- _DATA FOR REVIEW_
(* Let $k_1,k_2$ be integers with $1\le k_1$ and $1<k_2$. Then for lines $L_1,L_2$ the following are equivalent: (i) $L_1\perp L_2$; (ii) there are $X_1\in\mathcal H_{k_1}$, $X_2\in\mathcal H_{k_2}$ such that $X_1\perp_x X_2$ and $L_i\subset X_i$ for $i=1,2$.
   Context: Let $V$ be a vector space over a field with a nondegenerate symmetric bilinear form $\xi$ having no isotropic vectors. Points are elements of $V$; (affine) subspaces are sets $p+W$ with $W$ a linear subspace, of dimension $\dim W$; lines are the $1$-dimensional subspaces. $\mathcal H_k$ is the family of $k$-dimensional subspaces. For nonempty subspaces $X,Y$: $X\perp Y$ iff $\xi(b-a,d-c)=0$ for all $a,b\in X$, $c,d\in Y$ (for lines this is the usual orthogonality of directions); $X\perp_x Y$ iff $X\perp Y$ and $X\cap Y\neq\emptyset$. *)

theory Defs
  imports Main "HOL.Vector_Spaces"
begin

definition sym_bilinear :: "('a::field \<Rightarrow> 'v::ab_group_add \<Rightarrow> 'v) \<Rightarrow> ('v \<Rightarrow> 'v \<Rightarrow> 'a) \<Rightarrow> bool" where
  "sym_bilinear scale xi \<longleftrightarrow>
     (\<forall>x y. xi x y = xi y x) \<and>
     (\<forall>x y z. xi (x + y) z = xi x z + xi y z) \<and>
     (\<forall>r x z. xi (scale r x) z = r * xi x z)"

definition nondegenerate :: "('v::zero \<Rightarrow> 'v \<Rightarrow> 'a::zero) \<Rightarrow> bool" where
  "nondegenerate xi \<longleftrightarrow> (\<forall>x. (\<forall>y. xi x y = 0) \<longrightarrow> x = 0)"

definition no_isotropic :: "('v::zero \<Rightarrow> 'v \<Rightarrow> 'a::zero) \<Rightarrow> bool" where
  "no_isotropic xi \<longleftrightarrow> (\<forall>x. x \<noteq> 0 \<longrightarrow> xi x x \<noteq> 0)"

definition lin_dim :: "('a::field \<Rightarrow> 'v::ab_group_add \<Rightarrow> 'v) \<Rightarrow> 'v set \<Rightarrow> nat \<Rightarrow> bool" where
  "lin_dim scale W k \<longleftrightarrow>
     (\<exists>B. finite B \<and> card B = k \<and> \<not> module.dependent scale B \<and> W = module.span scale B)"

definition H :: "('a::field \<Rightarrow> 'v::ab_group_add \<Rightarrow> 'v) \<Rightarrow> nat \<Rightarrow> 'v set set" where
  "H scale k = {X. \<exists>p W. lin_dim scale W k \<and> X = (\<lambda>w. p + w) ` W}"

abbreviation lines :: "('a::field \<Rightarrow> 'v::ab_group_add \<Rightarrow> 'v) \<Rightarrow> 'v set set" where
  "lines scale \<equiv> H scale 1"

definition perp :: "('v::ab_group_add \<Rightarrow> 'v \<Rightarrow> 'a::zero) \<Rightarrow> 'v set \<Rightarrow> 'v set \<Rightarrow> bool" where
  "perp xi X Y \<longleftrightarrow> X \<noteq> {} \<and> Y \<noteq> {} \<and>
     (\<forall>a\<in>X. \<forall>b\<in>X. \<forall>c\<in>Y. \<forall>d\<in>Y. xi (b - a) (d - c) = 0)"

definition perp_x :: "('v::ab_group_add \<Rightarrow> 'v \<Rightarrow> 'a::zero) \<Rightarrow> 'v set \<Rightarrow> 'v set \<Rightarrow> bool" where
  "perp_x xi X Y \<longleftrightarrow> perp xi X Y \<and> X \<inter> Y \<noteq> {}"

end

theory Submission
  imports Defs
begin

text \<open>Write \<open>L\<^sub>i = p\<^sub>i + span {u\<^sub>i}\<close>. Perpendicularity of the lines means
  \<open>\<xi> u\<^sub>1 u\<^sub>2 = 0\<close>; then project \<open>p\<^sub>1 - p\<^sub>2\<close> onto \<open>u\<^sub>1, u\<^sub>2\<close> (possible since
  there are no isotropic vectors) to get a remainder \<open>w\<close> orthogonal to both, so that
  \<open>p\<^sub>1 - c\<^sub>1 u\<^sub>1 = p\<^sub>2 + c\<^sub>2 u\<^sub>2 + w\<close>. Extend the orthogonal family
  \<open>{u\<^sub>1, u\<^sub>2, w} - {0}\<close> by Gram-Schmidt to an orthogonal family of \<open>k\<^sub>1 + k\<^sub>2\<close>
  vectors and split it into \<open>k\<^sub>1\<close> vectors containing \<open>u\<^sub>1\<close> and \<open>k\<^sub>2 \<ge> 2\<close> vectors
  containing \<open>u\<^sub>2\<close> and \<open>w\<close>. The two translated spans are perpendicular and share
  the point above.\<close>

lemma obtain_split_with_card:
  assumes "finite T" "S \<subseteq> T" "u \<in> S" "card T = k1 + k2" "1 \<le> k1" "card S \<le> k2 + 1"
  obtains T1 where "u \<in> T1" "T1 \<subseteq> T" "card T1 = k1" "T1 \<inter> S = {u}"
proof -
  have "card (T - S) = card T - card S"
    using assms(1,2) by (simp add: card_Diff_subset finite_subset)
  then have "k1 - 1 \<le> card (T - S)"
    using assms(4-6) by linarith
  then obtain A where A: "A \<subseteq> T - S" "card A = k1 - 1" "finite A"
    by (meson obtain_subset_with_card_n)
  have "u \<notin> A" using A(1) assms(3) by auto
  then show ?thesis
    using that[of "insert u A"] A assms(2,3,5) by auto
qed

locale sym_form_space = vector_space scale
  for scale :: "'a::field \<Rightarrow> 'v::ab_group_add \<Rightarrow> 'v" (infixr "*s" 75) +
  fixes xi :: "'v \<Rightarrow> 'v \<Rightarrow> 'a"
  assumes sym_bilinear: "sym_bilinear scale xi"
    and no_isotropic: "no_isotropic xi"
begin

lemma xi_sym: "xi x y = xi y x"
  using sym_bilinear unfolding sym_bilinear_def by blast

lemma xi_add_left: "xi (x + y) z = xi x z + xi y z"
  using sym_bilinear unfolding sym_bilinear_def by blast

lemma xi_scale_left: "xi (r *s x) z = r * xi x z"
  using sym_bilinear unfolding sym_bilinear_def by blast

lemma xi_zero_left [simp]: "xi 0 z = 0"
  using xi_scale_left[of 0 0 z] by simp

lemma xi_diff_left: "xi (x - y) z = xi x z - xi y z"
  using xi_add_left[of x "- y" z] xi_scale_left[of "- 1" y z] by simp

lemma xi_sum_left: "xi (sum f S) z = (\<Sum>s\<in>S. xi (f s) z)"
  by (induction S rule: infinite_finite_induct) (auto simp: xi_add_left)

lemma xi_self_nonzero: "x \<noteq> 0 \<Longrightarrow> xi x x \<noteq> 0"
  using no_isotropic unfolding no_isotropic_def by blast

lemma xi_span_left_eq_0:
  "x \<in> span A \<Longrightarrow> (\<And>a. a \<in> A \<Longrightarrow> xi a y = 0) \<Longrightarrow> xi x y = 0"
  by (induction x rule: span_induct_alt) (auto simp: xi_add_left xi_scale_left)

lemma xi_span_span_eq_0:
  assumes "x \<in> span A" "y \<in> span B" "\<And>a b. a \<in> A \<Longrightarrow> b \<in> B \<Longrightarrow> xi a b = 0"
  shows "xi x y = 0"
proof (rule xi_span_left_eq_0[OF assms(1)])
  fix a assume "a \<in> A"
  then have "xi y a = 0"
    using xi_span_left_eq_0[OF assms(2)] assms(3) xi_sym by metis
  then show "xi a y = 0" by (simp add: xi_sym)
qed

definition orth_set :: "'v set \<Rightarrow> bool" where
  "orth_set S \<longleftrightarrow> 0 \<notin> S \<and> (\<forall>x\<in>S. \<forall>y\<in>S. x \<noteq> y \<longrightarrow> xi x y = 0)"

lemma orth_setD: "orth_set T \<Longrightarrow> a \<in> T \<Longrightarrow> b \<in> T \<Longrightarrow> a \<noteq> b \<Longrightarrow> xi a b = 0"
  unfolding orth_set_def by blast

lemma orth_set_subset: "orth_set T \<Longrightarrow> S \<subseteq> T \<Longrightarrow> orth_set S"
  unfolding orth_set_def by blast

lemma orth_set_independent: "orth_set S \<Longrightarrow> independent S"
proof
  assume S: "orth_set S" and "dependent S"
  then obtain a where a: "a \<in> S" "a \<in> span (S - {a})"
    by (auto simp: dependent_def)
  have "xi a a = 0"
    by (rule xi_span_left_eq_0[OF a(2)]) (use S a(1) in \<open>auto simp: orth_set_def xi_sym\<close>)
  moreover have "a \<noteq> 0" using S a(1) by (auto simp: orth_set_def)
  ultimately show False using xi_self_nonzero by blast
qed

definition proj :: "'v set \<Rightarrow> 'v \<Rightarrow> 'v" where
  "proj S v = (\<Sum>s\<in>S. (xi v s / xi s s) *s s)"

lemma proj_in_span: "proj S v \<in> span S"
  unfolding proj_def by (intro span_sum span_scale span_base)

lemma xi_sub_proj_eq_0:
  assumes "finite S" "orth_set S" "t \<in> S"
  shows "xi (v - proj S v) t = 0"
proof -
  have "xi t t \<noteq> 0"
    using assms(2,3) xi_self_nonzero unfolding orth_set_def by metis
  then have "xi ((xi v s / xi s s) *s s) t = (if s = t then xi v t else 0)" if "s \<in> S" for s
    using assms(2,3) that by (auto simp: xi_scale_left orth_set_def)
  then have "xi (proj S v) t = (\<Sum>s\<in>S. if s = t then xi v t else 0)"
    unfolding proj_def xi_sum_left by (rule sum.cong[OF refl])
  also have "\<dots> = xi v t" using assms(1,3) by simp
  finally show ?thesis by (simp add: xi_diff_left)
qed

- _EXERCISE PROMPT_
Take every line above where "exists" appears and copy it.

- _EXERCISE SOLUTION_
     (\<exists>B. finite B \<and> card B = k \<and> \<not> module.dependent scale B \<and> W = module.span scale B)"
  "H scale k = {X. \<exists>p W. lin_dim scale W k \<and> X = (\<lambda>w. p + w) ` W}"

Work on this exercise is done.